The strangest people he seems grimly acclimated to the darker aspects of our political present. Beyond Henrich’s claim that world cultures developed on separate evolutionary paths, a claim that seems stubbornly neglected to the interpenetration of cultures and ideas throughout human history, he argues that “disparate societies” produce ” a rich range of diverse cultural psychologies “that mark populations. through generations, if not centuries. By implementing a battery of studies based on contemporary evidence (surveys of IBM employees in different countries, for example, or unpaid parking tickets from UN diplomats in New York), Henrich suggests that corruption, impatience and even aggression is more common in non-“alien” cultures than in western society.
We shouldn’t blame non-“weird” people who fetishize revenge or indulge in nepotism, it implies: they are burdened by centuries of kinship logic that sees little value in transparency and trust beyond the clan. Instead, Henrich’s study chides Western politicians who take a unitary view of human nature when promoting democracy or the rule of law in the global south. Unless “strange” politicians and planners can reestablish the “firmware” of non “alien” cultures, he warns, those societies cannot escape their cultural norms any more than we can escape ours.
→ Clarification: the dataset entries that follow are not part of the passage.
(* Pairs closer than 2^-M are few and contribute at most -ln s each; the others are counted
   layer by layer. *)
lemma neg_ln_close_pair_mean_le:
  fixes x :: "nat \<Rightarrow> real"
  assumes "K \<ge> 0" "N1 > 0" "N2 > 0" "0 < s" "s \<le> 1"
    and sep: "\<And>i j. i \<in> blockA N1 \<Longrightarrow> j \<in> blockA N2 \<Longrightarrow> i \<noteq> j \<Longrightarrow> s \<le> \<bar>x i - x j\<bar>"
    and cells: "cell_counts_bounded K x N2" and M: "16^M \<le> N2"
  shows "neg_ln_close_pair_mean x (1 / 2^m0) N1 N2 \<le> 3 * K * (- ln s) / 2^M + 3 * K * ln 2 * (real m0 + 2) / 2^m0"
proof -
  define t where "t p = \<bar>x (fst p) - x (snd p)\<bar>" for p
  define P where "P = {(i,j). i \<in> blockA N1 \<and> j \<in> blockA N2 \<and> i \<noteq> j \<and> \<bar>x i - x j\<bar> < 1 / 2^m0}"
  define L where "L = 3 * K * real N1 * real N2"
  have finite_P: "finite P"
    by (rule finite_subset[of _ "blockA N1 \<times> blockA N2"]) (auto simp: P_def)
  have count: "real (card (P \<inter> {p. t p < 1 / 2^m})) \<le> L / 2^m" if "m \<le> M" for m
  proof -
    let ?near = "{(i,j). i \<in> blockA N1 \<and> j \<in> blockA N2 \<and> \<bar>x i - x j\<bar> < 1 / 2^m}"
    have "card (P \<inter> {p. t p < 1 / 2^m}) \<le> card ?near"
      by (rule card_mono, rule finite_subset[of _ "blockA N1 \<times> blockA N2"]) (auto simp: P_def t_def)
    moreover have "(16::nat)^m \<le> 16^M"
      using that by (intro power_increasing) auto
    then have "real (card ?near) \<le> L / 2^m"
      unfolding L_def by (rule card_near_pairs_le[OF cells order_trans[OF _ M]])
    ultimately show ?thesis
      by (meson of_nat_le_iff order_trans)
  qed
  have "- ln (t p) \<le> - ln s" if "p \<in> P" for p
  proof -
    have "s \<le> t p"
      using sep that by (auto simp: P_def t_def)
    then show ?thesis
      using \<open>0 < s\<close> by simp
  qed
  then have "(\<Sum>p\<in>P \<inter> {p. t p < 1 / 2^M}. - ln (t p)) \<le> real (card (P \<inter> {p. t p < 1 / 2^M})) * (- ln s)"
    using sum_mono[of "P \<inter> {p. t p < 1 / 2^M}" "\<lambda>p. - ln (t p)" "\<lambda>_. - ln s"] by simp
  also have "\<dots> \<le> L / 2^M * (- ln s)"
    using count[of M] \<open>0 < s\<close> \<open>s \<le> 1\<close> by (intro mult_right_mono) simp_all
  finally have small: "(\<Sum>p\<in>P \<inter> {p. t p < 1 / 2^M}. - ln (t p)) \<le> L / 2^M * (- ln s)" .
  have large: "(\<Sum>p\<in>P - {p. t p < 1 / 2^M}. - ln (t p)) \<le> ln 2 * L * (real m0 + 2) / 2^m0"
  proof (rule sum_neg_ln_le_dyadic_counts)
    show "finite (P - {p. t p < 1 / 2^M})" "L \<ge> 0"
      using finite_P \<open>K \<ge> 0\<close> by (simp_all add: L_def)
    show "1 / 2^M \<le> t p" "t p < 1 / 2^m0" if "p \<in> P - {p. t p < 1 / 2^M}" for p
      using that by (auto simp: P_def t_def)
    show "real (card {p \<in> P - {p. t p < 1 / 2^M}. t p < 1 / 2^m}) \<le> L / 2^m" if "m < M" for m
    proof -
      have "card {p \<in> P - {p. t p < 1 / 2^M}. t p < 1 / 2^m} \<le> card (P \<inter> {p. t p < 1 / 2^m})"
        using finite_P by (intro card_mono) auto
      then show ?thesis
        using count[of m] that by linarith
    qed
  qed
  have "(\<Sum>(i,j)\<in>P. - ln \<bar>x i - x j\<bar>)
      = (\<Sum>p\<in>P \<inter> {p. t p < 1 / 2^M}. - ln (t p)) + (\<Sum>p\<in>P - {p. t p < 1 / 2^M}. - ln (t p))"
    unfolding sum.Int_Diff[OF finite_P, symmetric] by (simp add: t_def case_prod_beta)
  also have "\<dots> \<le> L / 2^M * (- ln s) + ln 2 * L * (real m0 + 2) / 2^m0"
    using small large by linarith
  finally have "(1 / (real N1 * real N2)) * (\<Sum>(i,j)\<in>P. - ln \<bar>x i - x j\<bar>)
      \<le> (1 / (real N1 * real N2)) * (L / 2^M * (- ln s) + ln 2 * L * (real m0 + 2) / 2^m0)"
    by (rule mult_left_mono) simp
  also have "\<dots> = 3 * K * (- ln s) / 2^M + 3 * K * ln 2 * (real m0 + 2) / 2^m0"
    using \<open>N1 > 0\<close> \<open>N2 > 0\<close> by (simp add: L_def field_simps)
  finally show ?thesis
    unfolding neg_ln_close_pair_mean_def P_def by (simp add: card_cartesian_product)
qed

section \<open>Separation and the assumptions (A2) and (A3)\<close>

definition separated :: "(nat \<Rightarrow> real) \<Rightarrow> nat \<Rightarrow> nat \<Rightarrow> bool" where
  "separated x Q n \<longleftrightarrow>
     (\<forall>i\<in>{n..<2^(Q+1) * n}. \<forall>j\<in>{n..<2^(Q+1) * n}. i \<noteq> j \<longrightarrow> 1 / real n ^ 4 \<le> \<bar>x i - x j\<bar>)"

lemma card_range_pairs_le:
  "real (card {(i, j). i \<in> {n..<2^(Q+1) * n} \<and> j \<in> {n..<2^(Q+1) * n} \<and> i \<noteq> j}) \<le> 4^(Q+1) * real n ^ 2"
proof -
  have "card {(i, j). i \<in> {n..<2^(Q+1) * n} \<and> j \<in> {n..<2^(Q+1) * n} \<and> i \<noteq> j}
      \<le> card ({n..<2^(Q+1) * n} \<times> {n..<2^(Q+1) * n})"
    by (intro card_mono) auto
  also have "\<dots> \<le> (2^(Q+1) * n) * (2^(Q+1) * n)"
    unfolding card_cartesian_product by (intro mult_le_mono) simp_all
  finally have "real (card {(i, j). i \<in> {n..<2^(Q+1) * n} \<and> j \<in> {n..<2^(Q+1) * n} \<and> i \<noteq> j})
      \<le> real ((2^(Q+1) * n) * (2^(Q+1) * n))"
    by (simp only: of_nat_le_iff)
  also have "\<dots> = ((2::real)^(Q+1) * 2^(Q+1)) * real n ^ 2"
    by (simp add: power2_eq_square mult_ac)
  also have "(2::real)^(Q+1) * 2^(Q+1) = 4^(Q+1)"
    by (simp flip: power_mult_distrib)
  finally show ?thesis .
qed

lemma radius_ratio_le:
  assumes "lam > 0" "n > 0" "separated x Q n"
    and ij: "i \<in> blockAq n Q" "j \<in> blockAq n Q" "i \<noteq> j"
  shows "(exp (- lam * real i) + exp (- lam * real j)) / (2 * \<bar>x i - x j\<bar>) \<le> real n ^ 4 * exp (- lam * real n)"
proof -
  have range: "i \<in> {n..<2^(Q+1) * n}" "j \<in> {n..<2^(Q+1) * n}"
    using ij(1,2) blockAq_subset_range[of n Q] by blast+
  have "exp (- lam * real k) \<le> exp (- lam * real n)" if "n \<le> k" for k
    using that \<open>lam > 0\<close> by simp
  then have "exp (- lam * real i) + exp (- lam * real j) \<le> 2 * exp (- lam * real n)"
    using range by (smt (verit) atLeastLessThan_iff)
  moreover have "1 / real n ^ 4 \<le> \<bar>x i - x j\<bar>"
    using assms(3) range ij(3) unfolding separated_def by blast
  ultimately have "(exp (- lam * real i) + exp (- lam * real j)) / (2 * \<bar>x i - x j\<bar>)
      \<le> (2 * exp (- lam * real n)) / (2 * (1 / real n ^ 4))"
    using \<open>n > 0\<close> by (intro frac_le) auto
  also have "\<dots> = real n ^ 4 * exp (- lam * real n)"
    using \<open>n > 0\<close> by simp
  finally show ?thesis .
qed

definition dyadic_level :: "nat \<Rightarrow> nat" where
  "dyadic_level n = nat \<lfloor>log 2 (real n) / 4\<rfloor>"

lemma
  assumes "n > 0"
  shows pow16_dyadic_level_le: "16 ^ dyadic_level n \<le> n"
    and real_root4_le_pow2_dyadic_level: "real n powr (1/4) \<le> 2 * 2 ^ dyadic_level n"
proof -
  define r where "r = log 2 (real n) / 4"
  have "r \<ge> 0"
    using assms by (simp add: r_def)
  then have level: "real (dyadic_level n) \<le> r" "r - 1 < real (dyadic_level n)"
    unfolding dyadic_level_def r_def[symmetric] by linarith+
  have "real (16 ^ dyadic_level n) = 2 powr (4 * real (dyadic_level n))"
    by (simp add: powr_realpow[symmetric] power_mult[symmetric] powr_powr[symmetric])
  also have "\<dots> \<le> 2 powr (4 * r)"
    using level by (intro powr_mono) auto
  also have "\<dots> = real n"
    using assms by (simp add: r_def)
  finally show "16 ^ dyadic_level n \<le> n"
    by linarith
  have "real n powr (1/4) = (2 powr log 2 (real n)) powr (1/4)"
    using assms by simp
  also have "\<dots> = 2 powr r"
    by (simp add: r_def powr_powr)
  also have "\<dots> \<le> 2 powr (real (dyadic_level n) + 1)"
    using level by (intro powr_mono) auto
  also have "\<dots> = 2 * 2 ^ dyadic_level n"
    by (simp add: powr_add powr_realpow)
  finally show "real n powr (1/4) \<le> 2 * 2 ^ dyadic_level n" .
qed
I confess that reading these pages I could not help but remember that Donald Trump gave his son-in-law the responsibility of peace in the Middle East, and that Boris Johnson has turned his brother into a lord. But cultural evolutionists trade with centuries and populations, so these distracting exceptions can likely be drowned in an ocean of data.
What about non-European people who have settled in “strange” societies? In practically all spheres of human knowledge throughout the centuries, immigrants have brought ideas and practices that have fertilized cross-cultural thinking. This process seems almost invisible to Henrich. By declining the opportunity to discuss the forms of syncretism and assimilation that define the immigrant experience, it offers (tenuous) evidence that non-“strange” thinking endures among immigrants across continents and generations. Citing the high rates of cousin marriage among second-generation Pakistani immigrants in Britain, and the lower levels of political activism among second-generation immigrants of color in Europe, Henrich concludes that even growing up in a “strange” society does not can erase the “darkness”. matter ”of one’s cultural-psychological lineage.
It was “strange” intellectuals who elaborated the pseudoscience of race in the 18th century, and combined it with evolutionary theories to create new arguments for civilization and white supremacy in the 19th century. Henrich might shudder at the suggestion that The strangest people in the world he endorses social Darwinism, but in his emphasis on the supposedly low-key nature of culture and the virtues of “strange” thought and progress, he comes uncomfortably close to doing just that.
• World’s Weirdest People: How the West Became Psychologically Peculiar and Particularly Prosperous is an Allen Lane post (£ 30). To purchase a copy, go to guardianbookshop.co.uk.